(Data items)
────────────────

(* Let $(E,p,X)$ be an étalé space with $X$ a Boolean space. Let $X^{\ast}$ be the Boolean algebra of compact-open subsets of $X$ (under inclusion) and $E^{\ast}$ the set of compact-open local sections of $E$. Let $\widetilde p\colon E^{\ast}\to X^{\ast}$ be $C\mapsto p(C)$, and for compact-open $A\supseteq B$ in $X$ and $C\in E^{\ast}$ with $p(C)=A$ define $C|^A_B=C\cap p^{-1}(B)$. Then $\widetilde p\colon E^{\ast}\to X^{\ast}$ is a Boolean set.
   Context: A Boolean space is a Hausdorff space with a basis of compact-open sets. An étalé space $(E,p,X)$: topological spaces with a surjective local homeomorphism $p\colon E\to X$. A (open) local section is an open $A\subseteq E$ with $p|_A$ injective. Convention: a "Boolean algebra" means a generalized Boolean algebra (relatively complemented distributive lattice with $0$). Presheaf of sets over a meet semilattice $E$: pairwise disjoint sets $X_e$, restriction maps $x\mapsto x|^e_f$ for $e\ge f$ with $|^e_e=\mathrm{id}$ and $(x|^e_f)|^f_g=x|^e_g$; $p(x)=e$ iff $x\in X_e$; global support: all $X_e\neq\emptyset$. Order: $x\le y$ iff $p(x)\le p(y)$ and $x=y|^{p(y)}_{p(x)}$. Compatibility $x\sim y$: $x\wedge y$ exists and $p(x\wedge y)=p(x)\wedge p(y)$. A Boolean set is a presheaf with global support over a Boolean algebra such that the order has least element $0$, compatible pairs have joins, and $p(x)=0\Rightarrow x=0$. *)

theory Defs
  imports "HOL-Analysis.Analysis"
begin

definition boolean_space :: "'a topology \<Rightarrow> bool" where
  "boolean_space X \<longleftrightarrow> Hausdorff_space X \<and>
     (\<forall>U x. openin X U \<and> x \<in> U \<longrightarrow>
        (\<exists>V. openin X V \<and> compactin X V \<and> x \<in> V \<and> V \<subseteq> U))"

definition local_homeomorphism_map :: "'a topology \<Rightarrow> 'b topology \<Rightarrow> ('a \<Rightarrow> 'b) \<Rightarrow> bool" where
  "local_homeomorphism_map E X p \<longleftrightarrow> continuous_map E X p \<and>
     (\<forall>x\<in>topspace E. \<exists>U. openin E U \<and> x \<in> U \<and> openin X (p ` U) \<and>
        homeomorphic_map (subtopology E U) (subtopology X (p ` U)) p)"

definition etale_space :: "'a topology \<Rightarrow> ('a \<Rightarrow> 'b) \<Rightarrow> 'b topology \<Rightarrow> bool" where
  "etale_space E p X \<longleftrightarrow> local_homeomorphism_map E X p \<and> p ` topspace E = topspace X"

definition local_section :: "'a topology \<Rightarrow> ('a \<Rightarrow> 'b) \<Rightarrow> 'a set \<Rightarrow> bool" where
  "local_section E p A \<longleftrightarrow> openin E A \<and> inj_on p A"

definition compact_open :: "'a topology \<Rightarrow> 'a set \<Rightarrow> bool" where
  "compact_open X A \<longleftrightarrow> openin X A \<and> compactin X A"

definition is_inf :: "('a \<Rightarrow> 'a \<Rightarrow> bool) \<Rightarrow> 'a set \<Rightarrow> 'a \<Rightarrow> 'a \<Rightarrow> 'a \<Rightarrow> bool" where
  "is_inf le A a b m \<longleftrightarrow> m \<in> A \<and> le m a \<and> le m b \<and> (\<forall>z\<in>A. le z a \<and> le z b \<longrightarrow> le z m)"

definition is_sup :: "('a \<Rightarrow> 'a \<Rightarrow> bool) \<Rightarrow> 'a set \<Rightarrow> 'a \<Rightarrow> 'a \<Rightarrow> 'a \<Rightarrow> bool" where
  "is_sup le A a b j \<longleftrightarrow> j \<in> A \<and> le a j \<and> le b j \<and> (\<forall>z\<in>A. le a z \<and> le b z \<longrightarrow> le j z)"

definition binf :: "('a \<Rightarrow> 'a \<Rightarrow> bool) \<Rightarrow> 'a set \<Rightarrow> 'a \<Rightarrow> 'a \<Rightarrow> 'a" where
  "binf le A a b = (THE m. is_inf le A a b m)"

definition bsup :: "('a \<Rightarrow> 'a \<Rightarrow> bool) \<Rightarrow> 'a set \<Rightarrow> 'a \<Rightarrow> 'a \<Rightarrow> 'a" where
  "bsup le A a b = (THE j. is_sup le A a b j)"

definition bbot :: "('a \<Rightarrow> 'a \<Rightarrow> bool) \<Rightarrow> 'a set \<Rightarrow> 'a" where
  "bbot le A = (THE z. z \<in> A \<and> (\<forall>a\<in>A. le z a))"

definition partial_order_on_set :: "('a \<Rightarrow> 'a \<Rightarrow> bool) \<Rightarrow> 'a set \<Rightarrow> bool" where
  "partial_order_on_set le A \<longleftrightarrow>
     (\<forall>a\<in>A. le a a) \<and>
     (\<forall>a\<in>A. \<forall>b\<in>A. le a b \<and> le b a \<longrightarrow> a = b) \<and>
     (\<forall>a\<in>A. \<forall>b\<in>A. \<forall>c\<in>A. le a b \<and> le b c \<longrightarrow> le a c)"

definition meet_semilattice :: "('a \<Rightarrow> 'a \<Rightarrow> bool) \<Rightarrow> 'a set \<Rightarrow> bool" where
  "meet_semilattice le A \<longleftrightarrow> partial_order_on_set le A \<and>
     (\<forall>a\<in>A. \<forall>b\<in>A. \<exists>m. is_inf le A a b m)"

definition gen_boolean_algebra :: "('a \<Rightarrow> 'a \<Rightarrow> bool) \<Rightarrow> 'a set \<Rightarrow> bool" where
  "gen_boolean_algebra le A \<longleftrightarrow> partial_order_on_set le A \<and>
     (\<forall>a\<in>A. \<forall>b\<in>A. \<exists>m. is_inf le A a b m) \<and>
     (\<forall>a\<in>A. \<forall>b\<in>A. \<exists>j. is_sup le A a b j) \<and>
     (\<exists>z\<in>A. \<forall>a\<in>A. le z a) \<and>
     (\<forall>a\<in>A. \<forall>b\<in>A. \<forall>c\<in>A.
        binf le A a (bsup le A b c) = bsup le A (binf le A a b) (binf le A a c)) \<and>
     (\<forall>a\<in>A. \<forall>x\<in>A. \<forall>b\<in>A. le a x \<and> le x b \<longrightarrow>
        (\<exists>y\<in>A. binf le A x y = a \<and> bsup le A x y = b))"

text \<open>A presheaf of sets over the meet semilattice (B, le) is given by the total set S
  (the disjoint union of the fibres X_e = {x \<in> S. p x = e}), the projection p and the
  restriction maps res e f :: X_e \<Rightarrow> X_f for e \<ge> f.\<close>
definition presheaf :: "('b \<Rightarrow> 'b \<Rightarrow> bool) \<Rightarrow> 'b set \<Rightarrow> 'a set \<Rightarrow> ('a \<Rightarrow> 'b)
     \<Rightarrow> ('b \<Rightarrow> 'b \<Rightarrow> 'a \<Rightarrow> 'a) \<Rightarrow> bool" where
  "presheaf le B S p res \<longleftrightarrow> meet_semilattice le B \<and>
     (\<forall>x\<in>S. p x \<in> B) \<and>
     (\<forall>e\<in>B. \<forall>f\<in>B. \<forall>x\<in>S. le f e \<and> p x = e \<longrightarrow> res e f x \<in> S \<and> p (res e f x) = f) \<and>
     (\<forall>x\<in>S. res (p x) (p x) x = x) \<and>
     (\<forall>e\<in>B. \<forall>f\<in>B. \<forall>g\<in>B. \<forall>x\<in>S. le g f \<and> le f e \<and> p x = e \<longrightarrow>
        res f g (res e f x) = res e g x)"

definition global_support :: "'b set \<Rightarrow> 'a set \<Rightarrow> ('a \<Rightarrow> 'b) \<Rightarrow> bool" where
  "global_support B S p \<longleftrightarrow> (\<forall>e\<in>B. \<exists>x\<in>S. p x = e)"

definition presheaf_le :: "('b \<Rightarrow> 'b \<Rightarrow> bool) \<Rightarrow> ('a \<Rightarrow> 'b) \<Rightarrow> ('b \<Rightarrow> 'b \<Rightarrow> 'a \<Rightarrow> 'a)
     \<Rightarrow> 'a \<Rightarrow> 'a \<Rightarrow> bool" where
  "presheaf_le le p res x y \<longleftrightarrow> le (p x) (p y) \<and> x = res (p y) (p x) y"

definition presheaf_compatible :: "('b \<Rightarrow> 'b \<Rightarrow> bool) \<Rightarrow> 'b set \<Rightarrow> 'a set \<Rightarrow> ('a \<Rightarrow> 'b)
     \<Rightarrow> ('b \<Rightarrow> 'b \<Rightarrow> 'a \<Rightarrow> 'a) \<Rightarrow> 'a \<Rightarrow> 'a \<Rightarrow> bool" where
  "presheaf_compatible le B S p res x y \<longleftrightarrow>
     (\<exists>m. is_inf (presheaf_le le p res) S x y m \<and> p m = binf le B (p x) (p y))"

definition boolean_set :: "('b \<Rightarrow> 'b \<Rightarrow> bool) \<Rightarrow> 'b set \<Rightarrow> 'a set \<Rightarrow> ('a \<Rightarrow> 'b)
     \<Rightarrow> ('b \<Rightarrow> 'b \<Rightarrow> 'a \<Rightarrow> 'a) \<Rightarrow> bool" where
  "boolean_set le B S p res \<longleftrightarrow>
     gen_boolean_algebra le B \<and> presheaf le B S p res \<and> global_support B S p \<and>
     (\<exists>z\<in>S. (\<forall>x\<in>S. presheaf_le le p res z x) \<and>
            (\<forall>x\<in>S. p x = bbot le B \<longrightarrow> x = z)) \<and>
     (\<forall>x\<in>S. \<forall>y\<in>S. presheaf_compatible le B S p res x y \<longrightarrow>
        (\<exists>j. is_sup (presheaf_le le p res) S x y j))"

end

theory Submission
  imports Defs
begin

text \<open>The compact-open subsets of a Hausdorff space form a ring of sets, hence a generalized
  Boolean algebra under inclusion with intersection, union and difference. Compact-open
  local sections are open sets on which \<open>p\<close> is a homeomorphism, so they restrict along
  compact-open subsets of the base, and every compact-open subset of a Boolean base is covered
  by finitely many images of such sections; cutting them down to disjoint images and taking
  the union shows it is itself the image of one (global support). The presheaf order on sections
  turns out to be plain inclusion, and two compatible sections agree over the overlap of their
  images, so their union is again a local section and is their join.\<close>

context ring_of_sets
begin

lemma binf_eq_Int:
  assumes "a \<in> M" "b \<in> M" shows "binf (\<subseteq>) M a b = a \<inter> b"
  unfolding binf_def
proof (rule the_equality)
  have "a \<inter> b \<in> M" using assms by blast
  then show "is_inf (\<subseteq>) M a b (a \<inter> b)" unfolding is_inf_def by blast
  fix m assume "is_inf (\<subseteq>) M a b m"
  with \<open>a \<inter> b \<in> M\<close> show "m = a \<inter> b" unfolding is_inf_def by blast
qed

lemma bsup_eq_Un:
  assumes "a \<in> M" "b \<in> M" shows "bsup (\<subseteq>) M a b = a \<union> b"
  unfolding bsup_def
proof (rule the_equality)
  have "a \<union> b \<in> M" using assms by blast
  then show "is_sup (\<subseteq>) M a b (a \<union> b)" unfolding is_sup_def by blast
  fix j assume "is_sup (\<subseteq>) M a b j"
  with \<open>a \<union> b \<in> M\<close> show "j = a \<union> b" unfolding is_sup_def by blast
qed

lemma bbot_eq_empty: "bbot (\<subseteq>) M = {}"
  unfolding bbot_def by (rule the_equality) auto

lemma meet_semilattice_subset: "meet_semilattice (\<subseteq>) M"
  unfolding meet_semilattice_def partial_order_on_set_def is_inf_def by blast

────────────────

Task brief
Only the lines above starting at the one containing "theory Defs" and ending at the one containing "homeomorphic_map (subtopology E", both included, are to be returned, exactly as they read.

Answer box
theory Defs
  imports "HOL-Analysis.Analysis"
begin

definition boolean_space :: "'a topology \<Rightarrow> bool" where
  "boolean_space X \<longleftrightarrow> Hausdorff_space X \<and>
     (\<forall>U x. openin X U \<and> x \<in> U \<longrightarrow>
        (\<exists>V. openin X V \<and> compactin X V \<and> x \<in> V \<and> V \<subseteq> U))"

definition local_homeomorphism_map :: "'a topology \<Rightarrow> 'b topology \<Rightarrow> ('a \<Rightarrow> 'b) \<Rightarrow> bool" where
  "local_homeomorphism_map E X p \<longleftrightarrow> continuous_map E X p \<and>
     (\<forall>x\<in>topspace E. \<exists>U. openin E U \<and> x \<in> U \<and> openin X (p ` U) \<and>
        homeomorphic_map (subtopology E U) (subtopology X (p ` U)) p)"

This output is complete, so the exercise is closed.